Records contained in a dataset:
(* Let $\mathcal{O}$ be a complete discrete valuation ring of characteristic zero whose residue field $k$ has characteristic $p>0$. Let $G$ be a finite group, $N$ a normal subgroup of $G$, and $b$ a block of $\mathcal{O}N$ which is $G$-invariant. Put $A=\mathcal{O}Gb$ and $A_1=\mathcal{O}Nb$, both regarded as $G$-algebras via conjugation. Then for any subgroup $H$ of $G$ and any point $\hat{\alpha}$ of $H$ on $A$, there exist a point $\alpha$ of $H$ on $A_1$, an idempotent $\hat{i}\in\hat{\alpha}$ and an idempotent $j\in\alpha$ such that $\hat{i}\,j=j\,\hat{i}=\hat{i}$.
   Context: For a $G$-algebra $B$ (an $\mathcal{O}$-algebra with an action of $G$ by algebra automorphisms) and a subgroup $H\le G$, $B^H$ denotes the subalgebra of $H$-fixed elements. A point of $H$ on $B$ is a conjugacy class, under the unit group $(B^H)^{*}$, of primitive idempotents of $B^H$. Here $A=\mathcal{O}Gb$ is graded by $G/N$ with identity component $A_1=\mathcal{O}Nb$, and $G$ acts on both by conjugation. *)

theory Defs
  imports "HOL-Algebra.Algebra"
begin

definition dvr_uniformizer :: "'o::idom \<Rightarrow> bool" where
  "dvr_uniformizer \<pi> \<longleftrightarrow> \<pi> \<noteq> 0 \<and> \<not> \<pi> dvd 1 \<and>
     (\<forall>x. x \<noteq> 0 \<longrightarrow> (\<exists>u n. u dvd 1 \<and> x = u * \<pi> ^ n))"

definition pi_adically_complete :: "'o::idom \<Rightarrow> bool" where
  "pi_adically_complete \<pi> \<longleftrightarrow>
     (\<forall>x::nat \<Rightarrow> 'o. (\<forall>n. \<pi> ^ n dvd (x (Suc n) - x n)) \<longrightarrow>
        (\<exists>l. \<forall>n. \<pi> ^ n dvd (l - x n)))"

text \<open>Elements of OG are coefficient functions vanishing outside the carrier.\<close>
definition galg :: "('g,'m) monoid_scheme \<Rightarrow> ('g \<Rightarrow> 'o::comm_ring_1) set" where
  "galg G = {x. \<forall>g. g \<notin> carrier G \<longrightarrow> x g = 0}"

definition galg_on :: "'g set \<Rightarrow> ('g \<Rightarrow> 'o::comm_ring_1) set" where
  "galg_on N = {x. \<forall>g. g \<notin> N \<longrightarrow> x g = 0}"

definition galg_mult :: "('g,'m) monoid_scheme \<Rightarrow> ('g \<Rightarrow> 'o::comm_ring_1) \<Rightarrow> ('g \<Rightarrow> 'o) \<Rightarrow> ('g \<Rightarrow> 'o)" where
  "galg_mult G x y = (\<lambda>g. if g \<in> carrier G
      then (\<Sum>h\<in>carrier G. x h * y (inv\<^bsub>G\<^esub> h \<otimes>\<^bsub>G\<^esub> g)) else 0)"

text \<open>Conjugation action: gconj G g x = g x g^{-1}.\<close>
definition gconj :: "('g,'m) monoid_scheme \<Rightarrow> 'g \<Rightarrow> ('g \<Rightarrow> 'o::comm_ring_1) \<Rightarrow> ('g \<Rightarrow> 'o)" where
  "gconj G g x = (\<lambda>y. if y \<in> carrier G then x (inv\<^bsub>G\<^esub> g \<otimes>\<^bsub>G\<^esub> y \<otimes>\<^bsub>G\<^esub> g) else 0)"

definition galg_idem :: "('g,'m) monoid_scheme \<Rightarrow> ('g \<Rightarrow> 'o::comm_ring_1) \<Rightarrow> bool" where
  "galg_idem G e \<longleftrightarrow> galg_mult G e e = e"

definition prim_idem :: "('g,'m) monoid_scheme \<Rightarrow> ('g \<Rightarrow> 'o::comm_ring_1) set \<Rightarrow> ('g \<Rightarrow> 'o) \<Rightarrow> bool" where
  "prim_idem G R e \<longleftrightarrow> e \<in> R \<and> galg_idem G e \<and> e \<noteq> (\<lambda>_. 0) \<and>
     \<not> (\<exists>e1\<in>R. \<exists>e2\<in>R. galg_idem G e1 \<and> galg_idem G e2 \<and> e1 \<noteq> (\<lambda>_. 0) \<and> e2 \<noteq> (\<lambda>_. 0) \<and>
          galg_mult G e1 e2 = (\<lambda>_. 0) \<and> galg_mult G e2 e1 = (\<lambda>_. 0) \<and> e = (\<lambda>g. e1 g + e2 g))"

definition center_of :: "('g,'m) monoid_scheme \<Rightarrow> ('g \<Rightarrow> 'o::comm_ring_1) set \<Rightarrow> ('g \<Rightarrow> 'o) set" where
  "center_of G R = {z \<in> R. \<forall>x\<in>R. galg_mult G z x = galg_mult G x z}"

definition is_block :: "('g,'m) monoid_scheme \<Rightarrow> 'g set \<Rightarrow> ('g \<Rightarrow> 'o::comm_ring_1) \<Rightarrow> bool" where
  "is_block G N b \<longleftrightarrow> prim_idem G (center_of G (galg_on N)) b"

definition fixed_pts :: "('g,'m) monoid_scheme \<Rightarrow> 'g set \<Rightarrow> ('g \<Rightarrow> 'o::comm_ring_1) set \<Rightarrow> ('g \<Rightarrow> 'o) set" where
  "fixed_pts G H B = {a \<in> B. \<forall>h\<in>H. gconj G h a = a}"

text \<open>Points of H on B (B has identity element unit_el): conjugacy classes under the unit
  group of B^H of primitive idempotents of B^H.\<close>
definition points :: "('g,'m) monoid_scheme \<Rightarrow> 'g set \<Rightarrow> ('g \<Rightarrow> 'o::comm_ring_1) set \<Rightarrow> ('g \<Rightarrow> 'o) \<Rightarrow> ('g \<Rightarrow> 'o) set set" where
  "points G H B unit_el = {P. \<exists>e. prim_idem G (fixed_pts G H B) e \<and>
      P = {galg_mult G (galg_mult G u e) v | u v.
             u \<in> fixed_pts G H B \<and> v \<in> fixed_pts G H B \<and>
             galg_mult G u v = unit_el \<and> galg_mult G v u = unit_el}}"

end

theory Submission
  imports Defs "HOL-Library.Function_Algebras"
begin

(* Let e be a primitive idempotent of A^H in the point, and j a nonzero idempotent
  of A_1^H with j e = e j = e up to conjugacy (initially j = b).  If j is not primitive in
  A_1^H, write j = j1 + j2.  Since e is primitive and O is complete, e A^H e is a local
  ring (Fitting's lemma modulo pi plus lifting of idempotents), so one of e j1 e, e j2 e
  is a unit there, and then a conjugate of e lies below j1 or j2.  Refining in this way
  produces a growing family of orthogonal idempotents of OG; there are at most |G| of
  them, so the process ends at a primitive idempotent of A_1^H.  Only the completeness of O
  enters. *)

definition divisible_pow :: "'o::idom \<Rightarrow> nat \<Rightarrow> ('g \<Rightarrow> 'o) \<Rightarrow> bool" where
  "divisible_pow \<pi> n x \<longleftrightarrow> (\<forall>g. \<pi> ^ n dvd x g)"

definition scale :: "'o::comm_ring_1 \<Rightarrow> ('g \<Rightarrow> 'o) \<Rightarrow> ('g \<Rightarrow> 'o)" where
  "scale c x = (\<lambda>g. c * x g)"

lemma scale_apply [simp]: "scale c x g = c * x g"
  by (simp add: scale_def)

lemma sum_fun_apply: "(\<Sum>k\<in>K. f k) x = (\<Sum>k\<in>K. f k x)"
  by (induction K rule: infinite_finite_induct) auto

lemma divisible_pow_add: "divisible_pow p n x \<Longrightarrow> divisible_pow p n y \<Longrightarrow> divisible_pow p n (x + y)"
  by (simp add: divisible_pow_def)

lemma divisible_pow_diff: "divisible_pow p n x \<Longrightarrow> divisible_pow p n y \<Longrightarrow> divisible_pow p n (x - y)"
  by (simp add: divisible_pow_def)

lemma divisible_pow_uminus: "divisible_pow p n x \<Longrightarrow> divisible_pow p n (- x)"
  by (simp add: divisible_pow_def)

lemma divisible_pow_zero [simp]: "divisible_pow p n 0"
  by (simp add: divisible_pow_def)

lemma divisible_pow_0 [simp]: "divisible_pow p 0 x"
  by (simp add: divisible_pow_def)

lemma divisible_pow_scale: "divisible_pow p n x \<Longrightarrow> divisible_pow p n (scale c x)"
  by (simp add: divisible_pow_def)

lemma divisible_pow_mono: "m \<le> n \<Longrightarrow> divisible_pow p n x \<Longrightarrow> divisible_pow p m x"
  unfolding divisible_pow_def by (meson dvd_trans le_imp_power_dvd)

lemma divisible_pow_diff_commute: "divisible_pow p n (x - y) \<Longrightarrow> divisible_pow p n (y - x)"
  unfolding divisible_pow_def by (metis dvd_minus_iff minus_apply minus_diff_eq)

lemma not_dvd_uniformizer_if_unit: "dvr_uniformizer \<pi> \<Longrightarrow> a dvd 1 \<Longrightarrow> \<not> \<pi> dvd a"
  using dvd_trans unfolding dvr_uniformizer_def by blast

lemma unit_if_not_dvd_uniformizer:
  assumes u: "dvr_uniformizer \<pi>" and nd: "\<not> \<pi> dvd a"
  shows "a dvd 1"
proof -
  obtain v k where v: "v dvd 1" "a = v * \<pi> ^ k"
    using u nd unfolding dvr_uniformizer_def by (metis dvd_0_right)
  have "k = 0"
    using nd v by (metis dvd_mult dvd_power gr_zeroI)
  then show ?thesis using v by simp
qed

lemma divisible_pow_all_imp_zero:
  assumes u: "dvr_uniformizer \<pi>" and d: "\<And>n. divisible_pow \<pi> n x"
  shows "x = 0"
proof
  fix g
  show "x g = 0 g"
  proof (rule ccontr)
    assume "x g \<noteq> 0 g"
    then obtain v k where v: "v dvd 1" "x g = v * \<pi> ^ k"
      using u unfolding dvr_uniformizer_def by auto
    have "\<pi> ^ Suc k dvd v * \<pi> ^ k"
      using d[of "Suc k"] v unfolding divisible_pow_def by metis
    then have "\<pi> * \<pi> ^ k dvd v * \<pi> ^ k" by simp
    moreover have "\<pi> \<noteq> 0" using u unfolding dvr_uniformizer_def by simp
    ultimately have "\<pi> dvd v" by simp
    then show False using u v(1) not_dvd_uniformizer_if_unit by blast
  qed
qed

context group begin

lemma inv_mult_cancel: "x \<in> carrier G \<Longrightarrow> y \<in> carrier G \<Longrightarrow> inv x \<otimes> (x \<otimes> y) = y"
  by (simp add: m_assoc[symmetric])

lemma mult_inv_cancel: "x \<in> carrier G \<Longrightarrow> y \<in> carrier G \<Longrightarrow> x \<otimes> (inv x \<otimes> y) = y"
  by (simp add: m_assoc[symmetric])

lemmas group_cancel_simps = m_assoc inv_mult_group inv_mult_cancel mult_inv_cancel

lemma galg_mult_in_galg: "galg_mult G x y \<in> galg G"
  by (simp add: galg_mult_def galg_def)

lemma galg_mult_outside: "g \<notin> carrier G \<Longrightarrow> galg_mult G x y g = 0"
  by (simp add: galg_mult_def)

lemma galg_mult_apply:
  "g \<in> carrier G \<Longrightarrow> galg_mult G x y g = (\<Sum>h\<in>carrier G. x h * y (inv h \<otimes> g))"
  by (simp add: galg_mult_def)

lemma galg_mult_assoc:
  assumes fin: "finite (carrier G)"
  shows "galg_mult G (galg_mult G x y) z = galg_mult G x (galg_mult G y z)"
proof
  fix g
  show "galg_mult G (galg_mult G x y) z g = galg_mult G x (galg_mult G y z) g"
  proof (cases "g \<in> carrier G")
    case False then show ?thesis by (simp add: galg_mult_outside)
  next
    case g: True
    have shift: "(\<Sum>h\<in>carrier G. y (inv k \<otimes> h) * z (inv h \<otimes> g))
        = (\<Sum>m\<in>carrier G. y m * z (inv m \<otimes> (inv k \<otimes> g)))" if k: "k \<in> carrier G" for k
      by (rule sum.reindex_bij_witness[where i="\<lambda>m. k \<otimes> m" and j="\<lambda>h. inv k \<otimes> h"])
         (use k g in \<open>simp_all add: group_cancel_simps\<close>)
    have "galg_mult G (galg_mult G x y) z g
        = (\<Sum>h\<in>carrier G. (\<Sum>k\<in>carrier G. x k * y (inv k \<otimes> h)) * z (inv h \<otimes> g))"
      using g by (simp add: galg_mult_apply)
    also have "\<dots> = (\<Sum>k\<in>carrier G. \<Sum>h\<in>carrier G. x k * (y (inv k \<otimes> h) * z (inv h \<otimes> g)))"
      by (subst sum.swap) (simp add: sum_distrib_right mult.assoc)
    also have "\<dots> = (\<Sum>k\<in>carrier G. x k * (\<Sum>m\<in>carrier G. y m * z (inv m \<otimes> (inv k \<otimes> g))))"
      by (rule sum.cong[OF refl]) (simp only: sum_distrib_left[symmetric] shift)
    also have "\<dots> = galg_mult G x (galg_mult G y z) g"
      using g by (simp add: galg_mult_apply)
    finally show ?thesis .
  qed
qed
(* Let $\kappa$ be an infinite cardinal, $(G,f)\in\mathcal C$ with $G=(V,E)$ and $|V|=\kappa^+$. Then $G$ possesses a perfect $f$-factor if and only if there is an increasing continuous sequence $(A_\alpha)_{\alpha<\kappa^+}$ of subsets of $V$ such that (i) $A_0=\emptyset$ and $V=\bigcup_{\alpha<\kappa^+}A_\alpha$; (ii) $|A_{\alpha+1}\setminus A_\alpha|=\kappa$ for all $\alpha<\kappa^+$; (iii) for every $\alpha<\kappa^+$, letting $B_\alpha=A_{\alpha+1}\setminus(A_\alpha\setminus f^{-1}(\kappa^+))$ and $g_\alpha=f\restriction B_\alpha$, the graph $\bigl(B_\alpha,\{\{x,y\}\in E: x\in B_\alpha,\ y\in A_{\alpha+1}\setminus A_\alpha\}\bigr)$ has a $\kappa$-perfect $g_\alpha$-factor.
   Context: A graph is $G=(V,E)$ with $V$ a nonempty set and $E\subseteq\{e\subseteq V:|e|=2\}$. For $F\subseteq E$ and $x\in V$, $d_F(x)$ is the cardinal $|\{e\in F:x\in e\}|$. For $f:V\to$ Cardinals, an $f$-factor of $G$ is $F\subseteq E$ with $d_F(x)\le f(x)$ for all $x$; it is perfect if $d_F(x)=f(x)$ for all $x$; $f^{-1}(\lambda)=\{x\in V:f(x)=\lambda\}$. For an infinite cardinal $\kappa$, an $f$-factor $F$ is $\kappa$-perfect if $d_F(x)=f(x)$ for all $x$ with $f(x)\le\kappa$ and $d_F(x)>0$ for all $x$ with $f(x)>\kappa$. $\mathcal C$ is the class of all pairs $(G,f)$ with $G=(V,E)$ a graph, $f:V\to$ Cardinals, and $f(x)\le d_E(x)$ for all $x\in V$. A sequence $(A_\alpha)_{\alpha<\kappa^+}$ is increasing continuous if $A_\alpha\subseteq A_\beta$ for $\alpha<\beta$ and $A_\lambda=\bigcup_{\alpha<\lambda}A_\alpha$ for limit $\lambda$. *)

theory Defs
  imports Main
begin

unbundle cardinal_syntax

text \<open>A cardinal-valued function f on vertices is represented by f :: 'a => 'b set,
  the value at x being the cardinal |f x|.\<close>

definition is_graph :: "'a set \<Rightarrow> 'a set set \<Rightarrow> bool" where
  "is_graph V E \<longleftrightarrow> V \<noteq> {} \<and> (\<forall>e\<in>E. e \<subseteq> V \<and> (\<exists>x y. x \<noteq> y \<and> e = {x, y}))"

definition edges_at :: "'a set set \<Rightarrow> 'a \<Rightarrow> 'a set set" where
  "edges_at F x = {e \<in> F. x \<in> e}"

definition in_class_C :: "'a set \<Rightarrow> 'a set set \<Rightarrow> ('a \<Rightarrow> 'b set) \<Rightarrow> bool" where
  "in_class_C V E f \<longleftrightarrow> is_graph V E \<and> (\<forall>x\<in>V. |f x| \<le>o |edges_at E x| )"

definition is_f_factor :: "'a set \<Rightarrow> 'a set set \<Rightarrow> ('a \<Rightarrow> 'b set) \<Rightarrow> 'a set set \<Rightarrow> bool" where
  "is_f_factor V E f F \<longleftrightarrow> F \<subseteq> E \<and> (\<forall>x\<in>V. |edges_at F x| \<le>o |f x| )"

definition is_perfect_f_factor :: "'a set \<Rightarrow> 'a set set \<Rightarrow> ('a \<Rightarrow> 'b set) \<Rightarrow> 'a set set \<Rightarrow> bool" where
  "is_perfect_f_factor V E f F \<longleftrightarrow> is_f_factor V E f F \<and> (\<forall>x\<in>V. |edges_at F x| =o |f x| )"

definition is_kappa_perfect_f_factor ::
  "'k rel \<Rightarrow> 'a set \<Rightarrow> 'a set set \<Rightarrow> ('a \<Rightarrow> 'b set) \<Rightarrow> 'a set set \<Rightarrow> bool" where
  "is_kappa_perfect_f_factor kappa V E f F \<longleftrightarrow> is_f_factor V E f F \<and>
     (\<forall>x\<in>V. |f x| \<le>o kappa \<longrightarrow> |edges_at F x| =o |f x| ) \<and>
     (\<forall>x\<in>V. kappa <o |f x| \<longrightarrow> edges_at F x \<noteq> {})"

text \<open>Order-theoretic notions for a well-order W (used with W = cardSuc kappa,
  whose field is the set of ordinals below kappa^+).\<close>

definition wo_less :: "'i rel \<Rightarrow> 'i \<Rightarrow> 'i \<Rightarrow> bool" where
  "wo_less W a b \<longleftrightarrow> (a, b) \<in> W \<and> a \<noteq> b"

definition wo_is_zero :: "'i rel \<Rightarrow> 'i \<Rightarrow> bool" where
  "wo_is_zero W z \<longleftrightarrow> z \<in> Field W \<and> (\<forall>a\<in>Field W. (z, a) \<in> W)"

definition wo_is_succ :: "'i rel \<Rightarrow> 'i \<Rightarrow> 'i \<Rightarrow> bool" where
  "wo_is_succ W a b \<longleftrightarrow> a \<in> Field W \<and> wo_less W a b \<and> (\<forall>c. wo_less W a c \<longrightarrow> (b, c) \<in> W)"

definition wo_is_limit :: "'i rel \<Rightarrow> 'i \<Rightarrow> bool" where
  "wo_is_limit W l \<longleftrightarrow> l \<in> Field W \<and> \<not> wo_is_zero W l \<and> \<not> (\<exists>a. wo_is_succ W a l)"

definition increasing_continuous :: "'i rel \<Rightarrow> ('i \<Rightarrow> 'a set) \<Rightarrow> bool" where
  "increasing_continuous W A \<longleftrightarrow>
     (\<forall>a b. wo_less W a b \<longrightarrow> A a \<subseteq> A b) \<and>
     (\<forall>l. wo_is_limit W l \<longrightarrow> A l = (\<Union>a\<in>{a. wo_less W a l}. A a))"

end

(*
  Since |V| = kappa^+, every vertex is low (f x <= kappa) or high (f x = kappa^+).

  Given a perfect f-factor F, enumerate V as (v_alpha) and let A_(alpha+1) arise from A_alpha by
  adding v_alpha and kappa fresh vertices and then closing, in omega rounds, under two operations:
  a low vertex brings in all its F-neighbours, a high vertex brings in one F-neighbour outside
  A_alpha. All stages have size at most kappa, and F restricted to the graph of (iii) is
  kappa-perfect: a low vertex of B_alpha is new in A_(alpha+1) and its F-neighbours lie in
  B_alpha, while a high vertex has its chosen new neighbour.

  Conversely, the union G of kappa-perfect factors of all layers is perfect. A low vertex lies
  in exactly one B_alpha, at the step where it enters, and only that layer has edges at it. A
  high vertex lies in B_beta for every later beta and gets an edge from each of these kappa^+
  layers; edges from different layers differ, since an edge of layer alpha lies inside
  A_(alpha+1) while one of a later layer beta does not lie inside A_beta.
*)

theory Submission
  imports Defs
begin

section \<open>Well orders\<close>

lemma wo_less_iff_underS: "wo_less W a b \<longleftrightarrow> a \<in> underS W b"
  unfolding wo_less_def underS_def by auto

lemma wo_less_Field: "wo_less W a b \<Longrightarrow> a \<in> Field W \<and> b \<in> Field W"
  unfolding wo_less_def Field_def by auto

lemma increasing_continuous_mono:
  "increasing_continuous W A \<Longrightarrow> (a, b) \<in> W \<Longrightarrow> A a \<subseteq> A b"
  unfolding increasing_continuous_def wo_less_def by (cases "a = b") auto

context
  fixes W :: "'i rel"
  assumes W: "Well_order W"
begin

lemma Well_order_wo_rel: "wo_rel W"
  using W unfolding wo_rel_def .

lemma wo_less_le_trans: "wo_less W a b \<Longrightarrow> (b, c) \<in> W \<Longrightarrow> wo_less W a c"
  using wo_rel.TRANS[OF Well_order_wo_rel] wo_rel.ANTISYM[OF Well_order_wo_rel]
  unfolding wo_less_def trans_def antisym_def by blast

lemma wo_less_trans: "wo_less W a b \<Longrightarrow> wo_less W b c \<Longrightarrow> wo_less W a c"
  using wo_less_le_trans unfolding wo_less_def[of W b c] by blast

lemma wo_less_not_le: "wo_less W a b \<Longrightarrow> (b, a) \<notin> W"
  using wo_rel.ANTISYM[OF Well_order_wo_rel] unfolding wo_less_def antisym_def by blast

lemma wo_less_linear:
  "a \<in> Field W \<Longrightarrow> b \<in> Field W \<Longrightarrow> a = b \<or> wo_less W a b \<or> wo_less W b a"
  using wo_rel.TOTALS[OF Well_order_wo_rel] unfolding wo_less_def by blast

lemma wo_least:
  assumes "S \<subseteq> Field W" "S \<noteq> {}"
  obtains m where "m \<in> S" "\<And>c. c \<in> S \<Longrightarrow> (m, c) \<in> W"
  using assms wo_rel.minim_in[OF Well_order_wo_rel] wo_rel.minim_least[OF Well_order_wo_rel]
  by blast

lemma wo_is_succ_exists:
  assumes "wo_less W a c"
  obtains b where "wo_is_succ W a b" "(b, c) \<in> W"
proof -
  have "{b. wo_less W a b} \<subseteq> Field W" "{b. wo_less W a b} \<noteq> {}"
    using assms by (auto dest: wo_less_Field)
  then obtain m where m: "wo_less W a m" and least: "\<And>c. wo_less W a c \<Longrightarrow> (m, c) \<in> W"
    by (rule wo_least) auto
  have "wo_is_succ W a m" using m least unfolding wo_is_succ_def by (auto dest: wo_less_Field)
  then show thesis using that least assms by blast
qed

lemma wo_is_succ_unique: "wo_is_succ W a b \<Longrightarrow> wo_is_succ W a b' \<Longrightarrow> b = b'"
  using wo_rel.ANTISYM[OF Well_order_wo_rel] unfolding wo_is_succ_def antisym_def by blast

lemma underS_wo_is_succ:
  assumes "wo_is_succ W a b"
  shows "underS W b = insert a (underS W a)"
proof
  show "insert a (underS W a) \<subseteq> underS W b"
    using assms wo_less_trans unfolding wo_is_succ_def by (auto simp: wo_less_iff_underS[symmetric])
  show "underS W b \<subseteq> insert a (underS W a)"
  proof
    fix c assume "c \<in> underS W b"
    then have c: "wo_less W c b" by (simp add: wo_less_iff_underS)
    have "\<not> wo_less W a c" using assms c wo_less_not_le unfolding wo_is_succ_def by blast
    moreover have "a \<in> Field W" "c \<in> Field W"
      using assms c unfolding wo_is_succ_def by (auto dest: wo_less_Field)
    ultimately have "c = a \<or> wo_less W c a" using wo_less_linear by blast
    then show "c \<in> insert a (underS W a)" by (auto simp: wo_less_iff_underS)
  qed
qed

lemma increasing_continuous_entry:
  assumes A: "increasing_continuous W A" and zero: "\<forall>z. wo_is_zero W z \<longrightarrow> A z = {}"
    and x: "m \<in> Field W" "x \<in> A m"
  obtains a b where "wo_is_succ W a b" "x \<in> A b" "x \<notin> A a"
proof -
  have "{c \<in> Field W. x \<in> A c} \<subseteq> Field W" "{c \<in> Field W. x \<in> A c} \<noteq> {}"
    using x by auto
  then obtain b where b: "b \<in> Field W" "x \<in> A b"
    and least: "\<And>c. c \<in> Field W \<Longrightarrow> x \<in> A c \<Longrightarrow> (b, c) \<in> W"
    by (rule wo_least) auto
  have "\<not> wo_is_limit W b"
  proof
    assume "wo_is_limit W b"
    then obtain c where c: "wo_less W c b" "x \<in> A c"
      using A b(2) unfolding increasing_continuous_def by blast
    then have "(b, c) \<in> W" using least by (auto dest: wo_less_Field)
    then show False using c(1) wo_less_not_le by blast
  qed
  moreover have "\<not> wo_is_zero W b" using zero b(2) by blast
  ultimately obtain a where a: "wo_is_succ W a b" using b(1) unfolding wo_is_limit_def by blast
  have "x \<notin> A a"
  proof
    assume "x \<in> A a"
    then have "(b, a) \<in> W" using least a unfolding wo_is_succ_def by blast
    then show False using a wo_less_not_le unfolding wo_is_succ_def by blast
  qed
  then show thesis using that a b(2) by blast
qed

end

section \<open>Cardinals\<close>

lemma card_of_subset_ordLeq: "|T| \<le>o r \<Longrightarrow> X \<subseteq> T \<Longrightarrow> |X| \<le>o r"
  by (rule ordLeq_transitive[OF card_of_mono1])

▶ [WHAT YOU ARE ASKED TO DO]:
Find "unfolding wo_less_def Field_def by auto" in the entries above and copy that whole line exactly, then each line after it through the line that contains "using assms by (auto dest: wo_less_Field)".

▶ [SOLUTION BELOW]:
  unfolding wo_less_def Field_def by auto

lemma increasing_continuous_mono:
  "increasing_continuous W A \<Longrightarrow> (a, b) \<in> W \<Longrightarrow> A a \<subseteq> A b"
  unfolding increasing_continuous_def wo_less_def by (cases "a = b") auto

context
  fixes W :: "'i rel"
  assumes W: "Well_order W"
begin

lemma Well_order_wo_rel: "wo_rel W"
  using W unfolding wo_rel_def .

lemma wo_less_le_trans: "wo_less W a b \<Longrightarrow> (b, c) \<in> W \<Longrightarrow> wo_less W a c"
  using wo_rel.TRANS[OF Well_order_wo_rel] wo_rel.ANTISYM[OF Well_order_wo_rel]
  unfolding wo_less_def trans_def antisym_def by blast

lemma wo_less_trans: "wo_less W a b \<Longrightarrow> wo_less W b c \<Longrightarrow> wo_less W a c"
  using wo_less_le_trans unfolding wo_less_def[of W b c] by blast

lemma wo_less_not_le: "wo_less W a b \<Longrightarrow> (b, a) \<notin> W"
  using wo_rel.ANTISYM[OF Well_order_wo_rel] unfolding wo_less_def antisym_def by blast

lemma wo_less_linear:
  "a \<in> Field W \<Longrightarrow> b \<in> Field W \<Longrightarrow> a = b \<or> wo_less W a b \<or> wo_less W b a"
  using wo_rel.TOTALS[OF Well_order_wo_rel] unfolding wo_less_def by blast

lemma wo_least:
  assumes "S \<subseteq> Field W" "S \<noteq> {}"
  obtains m where "m \<in> S" "\<And>c. c \<in> S \<Longrightarrow> (m, c) \<in> W"
  using assms wo_rel.minim_in[OF Well_order_wo_rel] wo_rel.minim_least[OF Well_order_wo_rel]
  by blast

lemma wo_is_succ_exists:
  assumes "wo_less W a c"
  obtains b where "wo_is_succ W a b" "(b, c) \<in> W"
proof -
  have "{b. wo_less W a b} \<subseteq> Field W" "{b. wo_less W a b} \<noteq> {}"
    using assms by (auto dest: wo_less_Field)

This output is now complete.